В силу разных обстоятельств, которые, полагаю, из собственного опыта и Вам хорошо знакомы. Они крайне важны и для меня, в том числе и через личную причастность, скажем так, к следу жизни упомянутого чуть выше воина. Через давнее уже событие. И, прежде всего тому, что реальность события, его основа, навсегда перешли в отчетливый след общей нашей отечественной славы в кругу примеров ее святости. О чем бы, когда и как бы ни шла речь. Это принцип, который Вы, Олжас Омарович, оформили однажды в своих стихах. В привязке к себе, и к принципам нашего общего с Вами житийного уклада:
Не всем, кто ждал, помог,
ведь я не бог.
Что в силах одинокого поэта?
на все вопросы не нашел ответа,
но людям я не лгал, хотя и мог...
Повторюсь, что каждой фонемой, и даже точкой,
это Ваше отношу к самому себе. Мог вольно-невольно ошибиться, и ошибался, за что свое получал сполна. Помню Вами замеченное:
ведь я не Бог. Мог не добрать исходный материал, тысячу раз обмануться, недодумать за рабочей спешкой, не проверить или толком не понять. Но врать своему читателю, кто бы им ни был, – исключено. Не те принципы, практика настроя. В них не прописан и грамм того, что ныне принято обозначать на информационном сленге желтизной, когда на газетных страницах, - нынешних электронных тоже, доводилось рассказывать о множестве сложных событий текущего.
В этот ряд моей протяженной журналисткой практики вписалось, ушло в массовое сознание достаточно много всякого разного. В том числе, как ни покажется Вам это сегодня странным, и история Рахимжана Кошкарбаева. Того самого, который, судя по его имени расцелован самим Всевышним. Потому можно считать, что и судьба у него сложилась по-иному, чем у множества иных. Как бы она ныне ни воспринималась. Знаем, что без Высшей воли ничего случайного ни на одном жизненном пути, тем более таком, не происходит. Ведь в горних пределах своя временная раскладка, свои правила и расчеты, о чем ни при каких поворотах судьбы представить невозможно. Тем более, если в такие расчеты часто включен не только ты сам, но и твои дети, внуки-правнуки, связанные одной нитью судьбы, очищенной от прегрешений и суетного.
Как и на каких перекрестках пересеклась моя собственная судьба с житийным маршрутом этого воина? Прозаически просто, как чаще всего и происходит. На очерковые заметки о поездке на поле боя у Подмосковной деревни Дубосеково, как и на последующий сетевой заход
«ПЕРВЫЕ ЧЕТЫРЕ И ВОСЬМАЯ – ГВАРДЕЙСКИЕ» поступили ветеранские письма. Откликов, повторюсь, хлынуло множество. По введенному редактором правилу, почту тогда обязали читать не только сотрудников отдела писем, но и всю творческую часть нашего издания.
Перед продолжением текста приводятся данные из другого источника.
(* Let $P:\mathbb{Z}\times[2]\to\mathbb{R}^2$ be a circular net such that for each $j\in[2]$ the points $\{P_{i,j}\}_{i\in\mathbb{Z}}$ lie on a line $\mathcal{H}_j$. For $i\in\mathbb{Z}$ let $\mathcal{V}_i$ be the line $P_{i,1}\vee P_{i,2}$. Then the lines $\{\mathcal{V}_{2i}\}_{i\in\mathbb{Z}}$ are parallel, and the lines $\{\mathcal{V}_{2i+1}\}_{i\in\mathbb{Z}}$ are parallel.
   Context: $[2]=\{1,2\}$. A circular net $P:\mathbb{Z}\times[2]\to\mathbb{R}^2$ is a map such that for all $i$ the four points $P_{i,1},P_{i+1,1},P_{i+1,2},P_{i,2}$ lie on a circle. $X\vee Y$ denotes the line through $X$ and $Y$. Standing assumption: all data are generic (in general position subject to the stated constraints). *)

theory Defs
  imports "HOL-Analysis.Analysis"
begin

type_synonym point = "real ^ 2"

definition join :: "point \<Rightarrow> point \<Rightarrow> point set" where
  "join X Y = affine hull {X, Y}"

definition is_line :: "point set \<Rightarrow> bool" where
  "is_line L \<longleftrightarrow> (\<exists>X Y. X \<noteq> Y \<and> L = join X Y)"

text \<open>Parallel lines: one is a translate of the other (equal lines count as parallel).\<close>
definition parallel :: "point set \<Rightarrow> point set \<Rightarrow> bool" where
  "parallel L M \<longleftrightarrow> is_line L \<and> is_line M \<and> (\<exists>v. L = (\<lambda>x. v + x) ` M)"

definition concyclic :: "point \<Rightarrow> point \<Rightarrow> point \<Rightarrow> point \<Rightarrow> bool" where
  "concyclic A B C D \<longleftrightarrow> (\<exists>c r. r > 0 \<and> {A, B, C, D} \<subseteq> sphere c r)"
И Женя Марченко, и Витек Черемухин, и Алим Баранько, и Иван Селедцов, Леня Калашников. Для того, чтобы каждый мог подобрать себе актуальную тему. По принятому тогда правилу, где-то раз в неделю, каждому из нас выкладывали стопку почты. Ознакомившись с ней, обязан был изложить, что и кому передать, куда отправить для работы. По сути, дублировалась редакционная служба. Понятно, что авторское внимание можно было адресовать и по собственному адресу. Редактор внимательно присматривал за исполнением ритуала, чтобы нигде, ни в одном его звене он не давал и малейшего сбоя. Не исключая и самого себя - как ответственного за собственную задумку.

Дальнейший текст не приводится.